# [SOLVED] Sony Vegas reoccuring issue



## AngelinaSkye (Apr 12, 2009)

I have Vegas Pro 9 and have a strange problem with my video playing fine in the preview screen when prerendered but when I go to actually render the video there are a few clips that are showing up as black during playback. In the timeline they appear fine and I have tried numerous times to re cut the clip and replace it which seems to work up until I notice that they have once again just rendered as blank black spots. Its not a problem with the individual clips as it is not happening to the same clips each time. 

Any Help?:4-dontkno


----------



## Laxer (Dec 28, 2010)

*Re: Sony Vegas reoccuring issue*

I have had this happen when the clips were deleted or "busy"

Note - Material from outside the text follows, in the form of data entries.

definition transitive_on :: "nat \<Rightarrow> (nat \<Rightarrow> nat) set \<Rightarrow> bool" where
  "transitive_on n P \<longleftrightarrow> (\<forall>x\<in>{1..n}. \<forall>y\<in>{1..n}. \<exists>p\<in>P. p x = y)"

definition u_word :: word where "u_word = [R0, R1, R2, R1]"
definition v_word :: word where "v_word = [R1, R0, R1, R2]"
definition g_word :: word where "g_word = wpow [R0, R1, R2] 2"
definition h_word :: word where "h_word = [R0] @ g_word @ [R0]"

datatype hypermap_kind = Kind_s0 | Kind_ss

definition kind_rels :: "hypermap_kind \<Rightarrow> nat \<Rightarrow> word set" where
  "kind_rels k s = (case k of Kind_s0 \<Rightarrow> G_s0_rels s | Kind_ss \<Rightarrow> G_ss_rels s)"

definition kind_T_gens :: "hypermap_kind \<Rightarrow> word \<times> word" where
  "kind_T_gens k = (case k of Kind_s0 \<Rightarrow> (u_word, v_word) | Kind_ss \<Rightarrow> (g_word, h_word))"

end

theory Submission
  imports Defs
begin

text \<open>A permutation commuting with a transitive group is determined by the image of one point.
  Hence a transitive abelian permutation group of degree \<open>n\<close> is regular (it has order \<open>n\<close>)
  and contains every permutation that centralises it.

  In \<open>G\<^sub>(\<^sub>s\<^sub>,\<^sub>0\<^sub>)\<close> the translations \<open>u\<close>, \<open>v\<close> commute and have order dividing \<open>s\<close>,
  so \<open>T\<close> consists of the products \<open>u\<^sup>iv\<^sup>j\<close> with \<open>i, j < s\<close>; the affine action of [3,3,3]
  on \<open>(\<int>/s)\<^sup>2\<close>, in which \<open>u\<^sup>iv\<^sup>j\<close> translates by \<open>(i, i + j)\<close>, shows they are distinct, so
  \<open>n = |T| = s\<^sup>2\<close>. In \<open>G\<^sub>(\<^sub>s\<^sub>,\<^sub>s\<^sub>)\<close> we have \<open>g = uv\<close> and \<open>h = u\<^sup>-\<^sup>2v\<close>, so \<open>T\<close> lies in the
  abelian group \<open>\<langle>u, v\<rangle>\<close> and \<open>u\<close> centralises \<open>T\<close>; transitivity of \<open>T\<close> would force \<open>u \<in> T\<close>.
  But in the action of [3,3,3] on \<open>\<int>/3\<close> by \<open>x \<mapsto> 2 - x\<close>, \<open>-x\<close>, \<open>-x\<close>, which factors
  through \<open>G\<^sub>(\<^sub>s\<^sub>,\<^sub>s\<^sub>)\<close>, the elements \<open>g\<close>, \<open>h\<close> act trivially and \<open>u\<close> does not.\<close>

definition word_act :: "(gen \<Rightarrow> 'a \<Rightarrow> 'a) \<Rightarrow> word \<Rightarrow> 'a \<Rightarrow> 'a" where
  "word_act m w = foldr (\<lambda>a f. m a \<circ> f) w id"

lemma word_act_Nil [simp]: "word_act m [] = id"
  by (simp add: word_act_def)

lemma word_act_Cons [simp]: "word_act m (a # w) = m a \<circ> word_act m w"
  by (simp add: word_act_def)

lemma word_act_append [simp]: "word_act m (w @ w') = word_act m w \<circ> word_act m w'"
  by (induction w) (simp_all add: comp_assoc)

lemma word_eval_eq_word_act: "word_eval = word_act"
  by (intro ext) (simp add: word_eval_def word_act_def)

lemma word_act_wpow: "word_act m (wpow w k) = word_act m w ^^ k"
  by (induction k) (simp_all add: wpow_def)

lemma word_act_rev_comp:
  assumes "\<And>a. m a \<circ> m a = id"
  shows "word_act m (rev w) \<circ> word_act m w = id"
proof (induction w)
  case (Cons a w)
  have "word_act m (rev (a # w)) \<circ> word_act m (a # w)
      = word_act m (rev w) \<circ> (m a \<circ> m a) \<circ> word_act m w"
    by (simp add: comp_assoc)
  also have "\<dots> = id"
    by (simp only: assms comp_id Cons.IH)
  finally show ?case .
qed simp

lemma word_eq_append_context: "word_eq R w w' \<Longrightarrow> word_eq R (x @ w @ y) (x @ w' @ y)"
proof (induction rule: word_eq.induct)
  case (rel r a b)
  show ?case using word_eq.rel[OF rel, of "x @ a" "b @ y"] by simp
qed (blast intro: word_eq.intros)+

lemma coxeter333_relsE:
  assumes "r \<in> coxeter333_rels"
  obtains a where "r = [a, a]" | a b where "a \<noteq> b" "r = [a, b, a, b, a, b]"
  using assms by (auto simp: coxeter333_rels_def wpow_def numeral_3_eq_3)

lemma word_eq_cancel:
  assumes "coxeter333_rels \<subseteq> R"
  shows "word_eq R (x @ a # a # y) (x @ y)"
  using word_eq.rel[of "[a, a]" R x y] assms by (auto simp: coxeter333_rels_def)

lemma word_eq_braid:
  assumes R: "coxeter333_rels \<subseteq> R" and "a \<noteq> b"
  shows "word_eq R (x @ a # b # a # y) (x @ b # a # b # y)"
proof -
  have "word_eq R [a, b, a, b, a, b, b, a, b] [b, a, b]"
    using word_eq.rel[of "wpow [a, b] 3" R "[]" "[b, a, b]"] R \<open>a \<noteq> b\<close>
    by (auto simp: coxeter333_rels_def wpow_def numeral_3_eq_3)
  moreover have "word_eq R [a, b, a, b, a, b, b, a, b] [a, b, a]"
    using word_eq_cancel[OF R, of "[a, b, a, b, a]" b "[a, b]"]
      word_eq_cancel[OF R, of "[a, b, a, b]" a "[b]"]
      word_eq_cancel[OF R, of "[a, b, a]" b "[]"]
    by (auto intro: word_eq.trans)
  ultimately have "word_eq R [a, b, a] [b, a, b]"
    by (meson word_eq.sym word_eq.trans)
  from word_eq_append_context[OF this, of x y] show ?thesis by simp
qed

text \<open>Concrete equalities of words in [3,3,3] are certified by lists of moves, which the
  simplifier evaluates.\<close>

datatype coxeter_move = Cancel nat | Insert nat gen | Braid nat

fun apply_move :: "coxeter_move \<Rightarrow> word \<Rightarrow> word option" where
  "apply_move (Cancel i) w =
     (case drop i w of a # b # y \<Rightarrow> if a = b then Some (take i w @ y) else None | _ \<Rightarrow> None)"
| "apply_move (Insert i a) w = Some (take i w @ a # a # drop i w)"
| "apply_move (Braid i) w =
     (case drop i w of
        a # b # c # y \<Rightarrow> if a = c \<and> a \<noteq> b then Some (take i w @ b # a # b # y) else None
      | _ \<Rightarrow> None)"

fun apply_moves :: "coxeter_move list \<Rightarrow> word \<Rightarrow> word option" where
  "apply_moves [] w = Some w"
| "apply_moves (m # ms) w = Option.bind (apply_move m w) (apply_moves ms)"

lemma apply_move_word_eq:
  assumes R: "coxeter333_rels \<subseteq> R" and move: "apply_move m w = Some w'"
  shows "word_eq R w w'"
proof (cases m)
  case (Cancel i)
  from move obtain a y where d: "drop i w = a # a # y" and w': "w' = take i w @ y"
    unfolding Cancel by (fastforce split: list.split_asm if_split_asm)
  have w_split: "take i w @ a # a # y = w" by (simp only: d[symmetric] append_take_drop_id)
  show ?thesis using word_eq_cancel[OF R, of "take i w" a y] unfolding w' w_split .
next
  case (Insert i a)
  then show ?thesis
    using move word_eq.sym[OF word_eq_cancel[OF R, of "take i w" a "drop i w"]] by simp
next
  case (Braid i)
  from move obtain a b y
    where "a \<noteq> b" and d: "drop i w = a # b # a # y" and w': "w' = take i w @ b # a # b # y"
    unfolding Braid by (fastforce split: list.split_asm if_split_asm)
  have w_split: "take i w @ a # b # a # y = w" by (simp only: d[symmetric] append_take_drop_id)
  show ?thesis using word_eq_braid[OF R \<open>a \<noteq> b\<close>, of "take i w" y] unfolding w' w_split .
qed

make sure all other programs that might be accessing the clips are closed.

What are your render settings right now?


----------



## AngelinaSkye (Apr 12, 2009)

*Re: Sony Vegas reoccuring issue*

Ok I've brought some visual aides this time to help illustrate the issue.

Here is a screenshot of my render settings as well as the full timeline in the video









here http://www.youtube.com/watch?v=u9gdsU2NnSQ

You can see that all the clips in the timeline appear fine but there are obvious black spots in the actual video.


----------



## zuluclayman (Dec 16, 2005)

*Re: Sony Vegas reoccuring issue*

You have that video set to private - if you want us to see it make it to unlisted and post the link, it will then be acessible to those that have the link - NOTE: that will be anyone who reads this thread.

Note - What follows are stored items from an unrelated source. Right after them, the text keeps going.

lemma oint_symmetric_odd_eq_0:
  assumes "\<And>s. f (-s) = - f s"
  shows "oint (-t) t f = 0"
  using integral_odd_eq_0[of "\<bar>t\<bar>" f] assms by (auto simp: oint_def)

lemma integral_tail_mul_eq_integral_mul_head:
  fixes g u :: "real \<Rightarrow> 'a::{real_normed_field,banach}"
  assumes ab: "a \<le> b" and cg: "continuous_on {a..b} g" and cu: "continuous_on {a..b} u"
  shows "integral {a..b} (\<lambda>t. integral {t..b} g * u t) = integral {a..b} (\<lambda>t. g t * integral {a..t} u)"
proof -
  define G where "G t = integral {t..b} g" for t
  define V where "V t = integral {a..t} u" for t
  have cG: "continuous_on {a..b} G"
    unfolding G_def using cg by (intro indefinite_integral_continuous_1' integrable_continuous_real)
  have cV: "continuous_on {a..b} V"
    unfolding V_def using cu by (intro indefinite_integral_continuous_1 integrable_continuous_real)
  have "((\<lambda>t. G t * V t) has_vector_derivative (G t * u t - g t * V t)) (at t within {a..b})"
    if "t \<in> {a..b}" for t
    using has_vector_derivative_mult[OF integral_has_vector_derivative'[OF cg that]
        integral_has_vector_derivative[OF cu that]]
    by (simp add: G_def V_def algebra_simps)
  from fundamental_theorem_of_calculus[OF ab this]
  have "((\<lambda>t. G t * u t - g t * V t) has_integral 0) {a..b}"
    by (simp add: G_def V_def)
  then have "integral {a..b} (\<lambda>t. G t * u t) - integral {a..b} (\<lambda>t. g t * V t) = 0"
    by (subst integral_diff[symmetric])
       (auto intro!: integrable_continuous_real continuous_intros cG cV cg cu dest: integral_unique)
  then show ?thesis by (simp add: G_def V_def)
qed

lemma integral_odd_part_mul:
  fixes k V :: "real \<Rightarrow> 'a::{real_normed_field,banach}"
  assumes ck: "continuous_on {-r..r} k" and cV: "continuous_on {-r..r} V"
  shows "integral {-r..r} (\<lambda>t. (k t - k (-t)) * V t) = integral {-r..r} (\<lambda>t. k t * (V t - V (-t)))"
proof -
  have neg: "uminus ` {-r..r} \<subseteq> {-r..r}" by auto
  have ckm: "continuous_on {-r..r} (\<lambda>t. k (-t))" and cVm: "continuous_on {-r..r} (\<lambda>t. V (-t))"
    by (intro continuous_on_compose2[OF ck] continuous_on_compose2[OF cV] continuous_intros neg)+
  have "integral {-r..r} (\<lambda>t. k (-t) * V t) = integral {-r..r} (\<lambda>t. k t * V (-t))"
    using Henstock_Kurzweil_Integration.integral_reflect_real[of r "-r" "\<lambda>t. k (-t) * V t"] by simp
  moreover have "integral {-r..r} (\<lambda>t. (k t - k (-t)) * V t) =
      integral {-r..r} (\<lambda>t. k t * V t) - integral {-r..r} (\<lambda>t. k (-t) * V t)"
    unfolding left_diff_distrib
    by (intro integral_diff integrable_continuous_real continuous_intros ck cV ckm)
  moreover have "integral {-r..r} (\<lambda>t. k t * (V t - V (-t))) =
      integral {-r..r} (\<lambda>t. k t * V t) - integral {-r..r} (\<lambda>t. k t * V (-t))"
    unfolding right_diff_distrib
    by (intro integral_diff integrable_continuous_real continuous_intros ck cV cVm)
  ultimately show ?thesis by simp
qed

lemma continuous_on_oint_symmetric:
  fixes u :: "real \<Rightarrow> complex"
  assumes cu: "continuous_on {-r..r} u"
  shows "continuous_on {-r..r} (\<lambda>t. oint (-t) t u)"
proof -
  define V where "V t = integral {-r..t} u" for t
  have cV: "continuous_on {-r..r} V"
    unfolding V_def using cu by (intro indefinite_integral_continuous_1 integrable_continuous_real)
  have neg: "uminus ` {-r..r} \<subseteq> {-r..r}" by auto
  have oint_eq: "oint (-t) t u = V t - V (-t)" if "t \<in> {-r..r}" for t
    unfolding V_def using that cu by (intro oint_eq_integral_diff integrable_continuous_real) auto
  show ?thesis
    by (rule continuous_on_eq[of _ "\<lambda>t. V t - V (-t)"])
       (auto intro!: continuous_intros cV continuous_on_compose2[OF cV] neg simp: oint_eq)
qed

lemma integral_odd_part_tail_even:
  fixes k :: "real \<Rightarrow> complex"
  assumes ck: "continuous_on {-r..r} k" and t: "t \<in> {-r..r}"
  shows "integral {-t..r} (\<lambda>s. k s - k (-s)) = integral {t..r} (\<lambda>s. k s - k (-s))"
proof -
  define g where "g s = k s - k (-s)" for s
  have cg: "continuous_on {-r..r} g"
    unfolding g_def by (intro continuous_intros ck continuous_on_compose2[OF ck]) auto
  have "oint (-t) r g - oint t r g = oint (-t) t g"
    using t cg by (simp add: oint_eq_integral_diff[of g "-r" r] integrable_continuous_real)
  also have "\<dots> = 0"
    by (rule oint_symmetric_odd_eq_0) (simp add: g_def)
  finally show ?thesis
    using t by (simp add: g_def[symmetric] oint_def)
qed

lemma integral_odd_part_tail_mul:
  fixes k u :: "real \<Rightarrow> complex"
  assumes r: "0 \<le> r" and ck: "continuous_on {-r..r} k" and cu: "continuous_on {-r..r} u"
  shows "integral {-r..r} (\<lambda>t. integral {t..r} (\<lambda>s. k s - k (-s)) * u t) =
           integral {-r..r} (\<lambda>t. k t * oint (-t) t u)"
proof -
  define V where "V t = integral {-r..t} u" for t
  have cV: "continuous_on {-r..r} V"
    unfolding V_def using cu by (intro indefinite_integral_continuous_1 integrable_continuous_real)
  have "integral {-r..r} (\<lambda>t. integral {t..r} (\<lambda>s. k s - k (-s)) * u t) =
      integral {-r..r} (\<lambda>t. (k t - k (-t)) * V t)"
    unfolding V_def using r cu
    by (intro integral_tail_mul_eq_integral_mul_head continuous_intros ck continuous_on_compose2[OF ck])
       auto
  also have "\<dots> = integral {-r..r} (\<lambda>t. k t * (V t - V (-t)))"
    using ck cV by (rule integral_odd_part_mul)
  also have "\<dots> = integral {-r..r} (\<lambda>t. k t * oint (-t) t u)"
  proof (rule integral_cong)
    fix t assume "t \<in> {-r..r}"
    then have "oint (-t) t u = V t - V (-t)"
      unfolding V_def using cu by (intro oint_eq_integral_diff integrable_continuous_real) auto
    then show "k t * (V t - V (-t)) = k t * oint (-t) t u" by simp
  qed
  finally show ?thesis .
qed

lemma integral_kernel_shift:
  fixes k u :: "real \<Rightarrow> complex"
  assumes r: "0 \<le> r" and ck: "continuous_on {-r..r} k" and cu: "continuous_on {-r..r} u"
  defines "G \<equiv> \<lambda>t. integral {t..r} (\<lambda>s. k s - k (-s))"
  shows "integral {-r..r} (\<lambda>t. (k t + h2 / 2 * (1 + G t)) * u t) = (h2 - h1) / 2 * integral {-r..r} u +
           integral {-r..r} (\<lambda>t. (k t + h1 / 2 * (1 + G t)) * (u t + (h2 - h1) / 2 * oint (-t) t u))"
proof -
  define A where "A h t = k t + h / 2 * (1 + G t)" for h t
  define U where "U t = oint (-t) t u" for t
  define c where "c = (h2 - h1) / 2"
  have cG: "continuous_on {-r..r} G"
    unfolding G_def
    by (intro indefinite_integral_continuous_1' integrable_continuous_real continuous_intros ck
        continuous_on_compose2[OF ck]) auto
  have cU: "continuous_on {-r..r} U"
    unfolding U_def using cu by (rule continuous_on_oint_symmetric)
  have U_odd: "U (-t) = - U t" for t
    unfolding U_def using oint_commute[of t "-t" u] by simp
  have int_U: "integral {-r..r} U = 0"
    by (rule integral_odd_eq_0) (rule U_odd)
  have int_GU: "integral {-r..r} (\<lambda>t. G t * U t) = 0"
    by (rule integral_odd_eq_0) (simp add: G_def integral_odd_part_tail_even[OF ck] U_odd)
  have int_A: "integral {-r..r} (\<lambda>t. A h t * w t) =
      integral {-r..r} (\<lambda>t. k t * w t) + h / 2 * (integral {-r..r} w + integral {-r..r} (\<lambda>t. G t * w t))"
    if cw: "continuous_on {-r..r} w" for h w
  proof -
    have "integral {-r..r} (\<lambda>t. A h t * w t) =
        integral {-r..r} (\<lambda>t. k t * w t + h / 2 * (w t + G t * w t))"
      by (rule integral_cong) (simp add: A_def algebra_simps)
    then show ?thesis
      by (simp add: integral_add integrable_continuous_real continuous_intros ck cG cw)
  qed
  have "integral {-r..r} (\<lambda>t. A h1 t * (u t + c * U t)) =
      integral {-r..r} (\<lambda>t. A h1 t * u t) + c * integral {-r..r} (\<lambda>t. A h1 t * U t)"
    by (simp add: distrib_left integral_add integrable_continuous_real continuous_intros
        ck cG cu cU A_def mult.left_commute[of _ c])
  also have "integral {-r..r} (\<lambda>t. A h1 t * U t) = integral {-r..r} (\<lambda>t. k t * U t)"
    by (simp add: int_A cU int_U int_GU)
  also have "\<dots> = integral {-r..r} (\<lambda>t. G t * u t)"
    unfolding G_def U_def by (rule integral_odd_part_tail_mul[OF r ck cu, symmetric])
  finally have shift: "integral {-r..r} (\<lambda>t. A h1 t * (u t + c * U t)) =
      integral {-r..r} (\<lambda>t. A h1 t * u t) + c * integral {-r..r} (\<lambda>t. G t * u t)" .
  have "integral {-r..r} (\<lambda>t. A h2 t * u t) = c * integral {-r..r} u +
      integral {-r..r} (\<lambda>t. A h1 t * (u t + c * U t))"
    unfolding shift int_A[OF cu] by (simp add: c_def field_simps)
  then show ?thesis by (simp add: A_def U_def c_def)
qed

lemma oint_odd_to_abs:
  assumes cg: "continuous_on {-\<bar>x\<bar>..\<bar>x\<bar>} g" and odd: "\<And>s. g (-s) = - g s"
    and t: "t \<in> {-\<bar>x\<bar>..\<bar>x\<bar>}"
  shows "oint t x g = oint t \<bar>x\<bar> g"
proof (cases "0 \<le> x")
  case False
  then have "oint t \<bar>x\<bar> g - oint t x g = oint (-\<bar>x\<bar>) \<bar>x\<bar> g"
    using t cg by (simp add: oint_eq_integral_diff[of g "-\<bar>x\<bar>" "\<bar>x\<bar>"] integrable_continuous_real)
  with oint_symmetric_odd_eq_0[of g, OF odd] show ?thesis by simp
qed simp

lemma continuous_on_Kfun:
  assumes cH: "continuous_on (goursat_dom a) (\<lambda>p. H (fst p) (snd p))" and x: "\<bar>x\<bar> \<le> a"
  shows "continuous_on {-\<bar>x\<bar>..\<bar>x\<bar>} (Kfun H x)"
proof -
  have "(\<lambda>t. ((x + t) / 2, (x - t) / 2)) ` {-\<bar>x\<bar>..\<bar>x\<bar>} \<subseteq> goursat_dom a"
    using x by (auto simp: goursat_dom_def abs_if field_simps)
  then have "continuous_on {-\<bar>x\<bar>..\<bar>x\<bar>} (\<lambda>t. (\<lambda>p. H (fst p) (snd p)) ((x + t) / 2, (x - t) / 2))"
    by (intro continuous_on_compose2[OF cH] continuous_intros) auto
  then show ?thesis by (simp add: Kfun_def)
qed

lemma Th_eq_integral:
  assumes cH: "continuous_on (goursat_dom a) (\<lambda>p. H (fst p) (snd p))" and x: "\<bar>x\<bar> \<le> a"
  shows "Th H h w x = w x + (if 0 \<le> x then 1 else -1) * integral {-\<bar>x\<bar>..\<bar>x\<bar>}
           (\<lambda>t. (Kfun H x t + h / 2 * (1 + integral {t..\<bar>x\<bar>} (\<lambda>s. Kfun H x s - Kfun H x (-s)))) * w t)"
proof -
  have ck: "continuous_on {-\<bar>x\<bar>..\<bar>x\<bar>} (Kfun H x)"
    using cH x by (rule continuous_on_Kfun)
  have cg: "continuous_on {-\<bar>x\<bar>..\<bar>x\<bar>} (\<lambda>s. Kfun H x s - Kfun H x (-s))"
    by (intro continuous_intros ck continuous_on_compose2[OF ck]) auto
  have "Kh H h x t = Kfun H x t + h / 2 * (1 + integral {t..\<bar>x\<bar>} (\<lambda>s. Kfun H x s - Kfun H x (-s)))"
    if "t \<in> {-\<bar>x\<bar>..\<bar>x\<bar>}" for t
    using that oint_odd_to_abs[OF cg _ that] by (simp add: Kh_def oint_def algebra_simps)
  then have "integral {-\<bar>x\<bar>..\<bar>x\<bar>} (\<lambda>t. Kh H h x t * w t) = integral {-\<bar>x\<bar>..\<bar>x\<bar>}
      (\<lambda>t. (Kfun H x t + h / 2 * (1 + integral {t..\<bar>x\<bar>} (\<lambda>s. Kfun H x s - Kfun H x (-s)))) * w t)"
    by (intro integral_cong) simp
  then show ?thesis
    unfolding Th_def oint_symmetric by simp
qed

lemma Th_shift:
  assumes cH: "continuous_on (goursat_dom a) (\<lambda>p. H (fst p) (snd p))"
    and cu: "continuous_on {-a..a} u" and x: "x \<in> {-a..a}"
  shows "Th H h2 u x = Th H h1 (\<lambda>y. u y + (h2 - h1) / 2 * oint (- y) y u) x"
proof -
  have xa: "\<bar>x\<bar> \<le> a" using x by auto
  have "continuous_on {-\<bar>x\<bar>..\<bar>x\<bar>} u"
    by (rule continuous_on_subset[OF cu]) (use xa in auto)
  from integral_kernel_shift[OF abs_ge_zero continuous_on_Kfun[OF cH xa] this, of h2 h1]
  show ?thesis
    unfolding Th_eq_integral[OF cH xa] oint_symmetric[of x u] by (simp add: algebra_simps)
qed

theorem mainTheorem2:
  fixes a :: real and q :: "real \<Rightarrow> complex" and H :: "real \<Rightarrow> real \<Rightarrow> complex"
  assumes "a > 0"
    and "continuous_on {-a..a} q"
    and "goursat_sol a q H"
  shows "(\<forall>h1 h2 u x. continuous_on {-a..a} u \<longrightarrow> x \<in> {-a..a} \<longrightarrow>
            Th H h2 u x = Th H h1 (\<lambda>y. u y + (h2 - h1) / 2 * oint (- y) y u) x) \<and>
         (\<forall>h u x. continuous_on {-a..a} u \<longrightarrow> x \<in> {-a..a} \<longrightarrow>
            Th H h u x = Th H 0 (\<lambda>y. u y + h / 2 * oint (- y) y u) x)"
proof -
  have cH: "continuous_on (goursat_dom a) (\<lambda>p. H (fst p) (snd p))"
    using assms(3) by (simp add: goursat_sol_def)
  show ?thesis
    using Th_shift[OF cH] Th_shift[OF cH, of _ _ _ 0] by auto
qed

What bitrate are you rendering out with?


----------



## AngelinaSkye (Apr 12, 2009)

*Re: Sony Vegas reoccuring issue*

 OMG so sorry, didn't realize I didn't change the video to public.... I thought I did at the same time as renaming it to "don't watch...."

Here are the project settings (hope thats the information u need, if not let me know)










and you should be able to see that video now. 


The unlisted option is no longer available to me unfortunately so I had no choice but to just set it to public.


----------



## zuluclayman (Dec 16, 2005)

*Re: Sony Vegas reoccuring issue*

I was after your export settings not project settings.

A couple of really basic things to recheck:

There are actually clips missing? - if you haven't nudged the clips up against each other completely in the timeline there will be a momentary black bit - hard to tell from your screenshot if the clips are all aligned up against each other.

You say it happens to random clips not the same ones - is there any link between the clips that do play up? eg: are they from the same source? are they a different file format to others that are stable?

When played in the project using the Vegas preview monitor it all plays fine? then before rendering is there any other steps you take?


----------



## AngelinaSkye (Apr 12, 2009)

*Re: Sony Vegas reoccuring issue*

Sorry to just abandon this thread but the problem seemingly fixed itself after restarting but unfortunately since then I've had other issues to deal with. Not long after that issue fixed itself I started getting a random black screen while rendering videos.

I've described the issue in more detail here:

http://www.techsupportforum.com/for...tops-responding-a-few-times-a-day-571988.html

Pretty sure this black screen issue is hardware related which is why I've posted in the video card section but I'm open to any further input from anyone that can help with either issue of the mysterious black clips that correct themselves or the current problem


----------